Online gaming operators in China are racing to rewrite their software in preparation for stringent new regulations, according to an industry analyst.
"The companies are looking at changing the game model to help the players reduce playing time," said Jim Sun, an internet and telecoms research analyst with Evolution Securities in Shanghai.
The new regulations, which include tight limits on playing time and a ban on underage players in violent games, were announced earlier this year, and the government plans to begin full enforcement early next year.
"It is very complicated for companies to change the game structure. Most of them have put up trial servers, and they're trying to see the impact on game players," said Sun, who frequently visits and speaks with China's online game operators.
According to recent government data from the China Internet Network Information Center, the country has over 20 million online game players, about half of whom play hourly or monthly fees to play massively multiplayer online role-playing games.
Companies affected by the new regulations include US-listed Shanda Entertainment, Netease, and China's local World of Warcraft operator, The9 Ltd. Company spokespersons could not be contacted by press time.
Following reports of crime and suicides linked to gaming and internet use, China's government has become increasingly concerned by what it sees as the negative social effects of online games.
Government-controlled newspapers run regular features warning of the dangers of excessive online gaming and internet addiction.
But Sun warned that the new regulations may be less effective than the government hopes. "The time limit could be almost useless, because the game player can start another account to play the same game or play another game," he said.
The government plans to prevent repeat play or underage play by forcing players to input their official ID card numbers before they can connect to a game. But this might also be ineffective, because players would try to use other people's ID numbers, for example, their parent's numbers.

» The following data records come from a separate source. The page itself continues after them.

text \<open>What an extra chip at \<open>x\<close> on a block \<open>[p, q]\<close> of 2s leaves behind once it has been
  fired away: the hole lands at the mirror image \<open>p + q - x\<close>, and one chip spills over each end.\<close>
definition wave :: "int \<Rightarrow> int \<Rightarrow> int \<Rightarrow> config \<Rightarrow> config" where
  "wave p q x c = (\<lambda>w. if p \<le> w \<and> w \<le> q then (if w = p + q - x then 1 else 2)
      else if w = p - 1 \<or> w = q + 1 then c w + 1 else c w)"

lemma chip_step_rtranclp_wave:
  assumes "p \<le> x" "x \<le> q" "\<And>w. p \<le> w \<Longrightarrow> w \<le> q \<Longrightarrow> c w = (if w = x then 3 else 2)"
  shows "chip_step\<^sup>*\<^sup>* c (wave p q x c)"
  using assms
proof (induction "nat (q - p)" arbitrary: p q x c rule: less_induct)
  case less
  define c1 where "c1 = fire c x"
  have s1: "chip_step c c1" unfolding c1_def using less.prems by (intro chip_step_fire) auto
  consider "x = p" "x = q" | "x = p" "x \<noteq> q" | "x \<noteq> p" "x = q" | "x \<noteq> p" "x \<noteq> q" by blast
  then show ?case
  proof cases
    case 1
    then have "c1 = wave p q x c" using less.prems by (auto simp: c1_def fire_def wave_def fun_eq_iff)
    then show ?thesis using s1 by simp
  next
    case 2
    have "chip_step\<^sup>*\<^sup>* c1 (wave (x + 1) q (x + 1) c1)"
      using less.prems 2 by (intro less.hyps) (auto simp: c1_def fire_def)
    moreover have "wave (x + 1) q (x + 1) c1 = wave p q x c" using less.prems 2
      by (auto simp: c1_def fire_def wave_def fun_eq_iff)
    ultimately show ?thesis using s1 by simp
  next
    case 3
    have "chip_step\<^sup>*\<^sup>* c1 (wave p (q - 1) (q - 1) c1)"
      using less.prems 3 by (intro less.hyps) (auto simp: c1_def fire_def)
    moreover have "wave p (q - 1) (q - 1) c1 = wave p q x c" using less.prems 3
      by (auto simp: c1_def fire_def wave_def fun_eq_iff)
    ultimately show ?thesis using s1 by simp
  next
    case 4
    txt \<open>Firing \<open>x\<close> puts an extra chip on each neighbour. The right one sweeps \<open>[x + 1, q]\<close>,
      leaving its hole at \<open>q\<close>; the left one then sweeps \<open>[p, q - 1]\<close>.\<close>
    define c2 where "c2 = wave (x + 1) q (x + 1) c1"
    have "chip_step\<^sup>*\<^sup>* c1 c2"
      unfolding c2_def using less.prems 4 by (intro less.hyps) (auto simp: c1_def fire_def)
    moreover have "chip_step\<^sup>*\<^sup>* c2 (wave p (q - 1) (x - 1) c2)"
      using less.prems 4 by (intro less.hyps) (auto simp: c2_def wave_def c1_def fire_def)
    moreover have "wave p (q - 1) (x - 1) c2 = wave p q x c" using less.prems 4
      by (auto simp: c2_def c1_def fire_def wave_def fun_eq_iff)
    ultimately show ?thesis using s1 by (metis converse_rtranclp_into_rtranclp rtranclp_trans)
  qed
qed

definition pile :: "int \<Rightarrow> config" where
  "pile m = (\<lambda>v. if v = 0 then nat (4 * m - 1) else 0)"

definition pile_final :: "int \<Rightarrow> config" where
  "pile_final m = (\<lambda>v. if v = -m \<or> v = 0 \<or> v = m then 1
                else if (-m < v \<and> v < 0) \<or> (0 < v \<and> v < m) then 2
                else 0)"

lemma chip_step_rtranclp_pile_final: "1 \<le> m \<Longrightarrow> chip_step\<^sup>*\<^sup>* (pile m) (pile_final m)"
proof (induction m rule: int_ge_induct)
  case base
  have "fire (pile 1) 0 = pile_final 1" by (auto simp: pile_def pile_final_def fire_def fun_eq_iff)
  then show ?case using chip_step_fire[of "pile 1" 0] by (simp add: pile_def)
next
  case (step m)
  define two :: config where "two = (\<lambda>w. if w = 0 then 2 else 0)"
  define A where "A = (\<lambda>w. pile_final m w + two w)"
  define B where "B = (\<lambda>w. wave (-m + 1) (m - 1) 0 A w + two w)"
  have "pile (m + 1) = (\<lambda>w. pile m w + (two w + two w))"
    using step(1) by (auto simp: pile_def two_def fun_eq_iff)
  then have "chip_step\<^sup>*\<^sup>* (pile (m + 1)) (\<lambda>w. A w + two w)"
    using chip_step_rtranclp_add[OF step(2), of "\<lambda>w. two w + two w"] by (simp add: A_def add.assoc)
  also have "chip_step\<^sup>*\<^sup>* (\<lambda>w. A w + two w) B"
    unfolding B_def using step(1)
    by (intro chip_step_rtranclp_add chip_step_rtranclp_wave) (auto simp: A_def pile_final_def two_def)
  also have "chip_step\<^sup>*\<^sup>* B (wave (-m) m 0 B)"
    using step(1) by (intro chip_step_rtranclp_wave) (auto simp: B_def A_def wave_def pile_final_def two_def)
  also have "wave (-m) m 0 B = pile_final (m + 1)"
    using step(1) by (auto simp: B_def A_def wave_def pile_final_def two_def fun_eq_iff)
  finally show ?case .
qed
(* Let $i,j\geq 1$ be integers. For $n\geq 0$, let $U(i,j,n)$ be the set of all triples $(L_1,L_2,L_3)$ of walks of length $n$ with steps $(1,1)$ and $(1,-1)$, where $L_1$ starts at $(0,0)$, $L_2$ starts at $(0,2i)$ and $L_3$ starts at $(0,2i+2j)$. Let $V(i,j,n)$ be the set of triples in $U(i,j,n)$ whose three walks are pairwise nonintersecting, and for $\{a,b\}\in\{\{1,2\},\{2,3\},\{1,3\}\}$ let $W_{ab}(n)$ be the set of triples in $U(i,j,n)$ such that $L_a$ and $L_b$ do not intersect. Define $V_{i,j}(t)=\sum_{n\geq 0}|V(i,j,n)|t^n$ and $W_{ab}(t)=\sum_{n\geq0}|W_{ab}(n)|t^n$. Then $$V_{i,j}(t)=W_{12}(t)+W_{23}(t)-W_{13}(t).$$
   Context: Two walks intersect if they share a common lattice point; otherwise they are nonintersecting. *)

theory Defs
  imports "HOL-Computational_Algebra.Formal_Power_Series"
begin

definition lattice_walk :: "int \<times> int \<Rightarrow> nat \<Rightarrow> (int \<times> int) list \<Rightarrow> bool" where
  "lattice_walk st n L \<longleftrightarrow> length L = Suc n \<and> L ! 0 = st \<and>
     (\<forall>k<n. fst (L ! Suc k) = fst (L ! k) + 1 \<and>
             (snd (L ! Suc k) = snd (L ! k) + 1 \<or> snd (L ! Suc k) = snd (L ! k) - 1))"

definition nonintersecting :: "(int \<times> int) list \<Rightarrow> (int \<times> int) list \<Rightarrow> bool" where
  "nonintersecting L L' \<longleftrightarrow> set L \<inter> set L' = {}"

type_synonym triple = "(int \<times> int) list \<times> (int \<times> int) list \<times> (int \<times> int) list"

definition U :: "nat \<Rightarrow> nat \<Rightarrow> nat \<Rightarrow> triple set" where
  "U i j n = {(L1, L2, L3). lattice_walk (0, 0) n L1 \<and> lattice_walk (0, 2 * int i) n L2
                           \<and> lattice_walk (0, 2 * int i + 2 * int j) n L3}"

A recent Deutsche Bank Securities report suggests that the new playing time limits are likely to have a negative impact on revenues for some online game operators.
The games will be changed to discourage lengthy playing sessions by reducing experience points earned to half after three hours play, and to zero after five hours. This timer will be reset every 24 hours.
Sun said he expects that revenue will not be affected because games companies will simply increase their hourly fees if total playing time is reduced. Players will accept these increases, he believes.